OpenAI ne s’arrête pas là. Une autre fonction inédite vient enrichir l’arsenal des professionnels : le mode Enregistrement. Disponible dans l’application macOS de ChatGPT pour les utilisateurs Enterprise et Edu, cette fonctionnalité permet de capturer des réunions en temps réel.

Le système peut enregistrer jusqu’à 120 minutes de réunion par session, et génère ensuite une transcription complète accompagnée d’un résumé intelligent et de points d’action. Idéal pour les équipes en télétravail ou les entreprises qui cherchent à automatiser la prise de notes pendant les réunions.

Qui peut en profiter ?

Voici un aperçu rapide de qui peut utiliser quoi :

Fonctionnalité

Utilisateurs éligibles

Connectors (Gmail, Drive, etc.)

Plus, Team, Enterprise, Edu

Accès à Deep Research avec Connectors

Plus, Team, Enterprise, Edu

Serveurs MCP personnalisés

Pro, Team, Enterprise, Edu

Record Mode (enregistrement réunion)

macOS, uniquement pour Enterprise et Edu

Connexion Google Drive/OneDrive

Gratuit et payant

Bon à savoir : les utilisateurs gratuits peuvent déjà connecter Google Drive et OneDrive, même sans abonnement. Une manière pour OpenAI d’amorcer l’usage de ChatGPT comme hub central de gestion documentaire.

ChatGPT devient un véritable bureau virtuel

Ces nouveautés placent ChatGPT bien au-delà d’un simple chatbot. Il s’agit désormais d’un véritable bureau intelligent, capable de :

  • Fusionner plusieurs sources d’information (mails, documents, CRM, calendrier),
  • Automatiser la rédaction de rapports et de synthèses,
  • Centraliser les workflows de collaboration en entreprise,
  • Raccourcir le cycle de prise de décision grâce à l’IA contextuelle.

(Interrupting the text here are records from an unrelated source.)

(* Let $n,t\ge1$ and $b\ge1$. Then \[ N_{2,b}^+(n,t)=2^{b}\,I_{2,b}(n,t-1)=2^{t(b-1)+1}\sum_{i=0}^{t-1}\binom{n+t-1}{i}. \]
   Context: $\Sigma_2=\{0,1\}$. A $b$-burst-insertion at position $i\in[1,n+1]$ transforms $x_1\cdots x_n$ into $x_1\cdots x_{i-1}y_1\cdots y_b x_i\cdots x_n$ for arbitrary $y_1\cdots y_b\in\Sigma_2^b$. $\mathcal{I}_{t,b}(\boldsymbol{x})$ is the set of all length-$(n+tb)$ sequences obtainable from $\boldsymbol{x}$ by $t$ successive $b$-burst-insertions ($\mathcal{I}_{0,b}(\boldsymbol{x})=\{\boldsymbol{x}\}$). $I_{2,b}(n,t)=\max\{|\mathcal{I}_{t,b}(\boldsymbol{x})|:\boldsymbol{x}\in\Sigma_2^n\}$ and $N_{2,b}^+(n,t)=\max\{|\mathcal{I}_{t,b}(\boldsymbol{x})\cap\mathcal{I}_{t,b}(\boldsymbol{y})|:\boldsymbol{x}\ne\boldsymbol{y}\in\Sigma_2^n\}$. Convention: $\binom{m}{i}=0$ if $m<i$. *)

theory Defs
  imports Main
begin

definition burst_ins :: "nat \<Rightarrow> bool list \<Rightarrow> bool list set" where
  "burst_ins b x = {take (i - 1) x @ y @ drop (i - 1) x | i y.
                      1 \<le> i \<and> i \<le> length x + 1 \<and> length y = b}"

fun I_set :: "nat \<Rightarrow> nat \<Rightarrow> bool list \<Rightarrow> bool list set" where
  "I_set 0 b x = {x}"
| "I_set (Suc t) b x = (\<Union>z \<in> I_set t b x. burst_ins b z)"

definition I2 :: "nat \<Rightarrow> nat \<Rightarrow> nat \<Rightarrow> nat" where
  "I2 b n t = Max {card (I_set t b x) | x. length x = n}"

C’est aussi une riposte directe aux solutions concurrentes, comme Microsoft Copilot, Anthropic Claude ou les outils intégrés à Google Workspace.

L’IA conversationnelle devient votre nouveau collègue

Avec l’arrivée des Connectors, des serveurs MCP et du mode Enregistrement, OpenAI transforme ChatGPT en un assistant professionnel de nouvelle génération. Pour les entreprises, il s’agit d’un levier d’efficacité considérable, capable de fluidifier la collaboration, de réduire les pertes d’informations et d’automatiser de nombreuses tâches chronophages.

Ces innovations sont également un pas vers une intégration plus large de l’IA dans les outils métiers quotidiens. OpenAI prend clairement position comme un acteur majeur du futur du travail.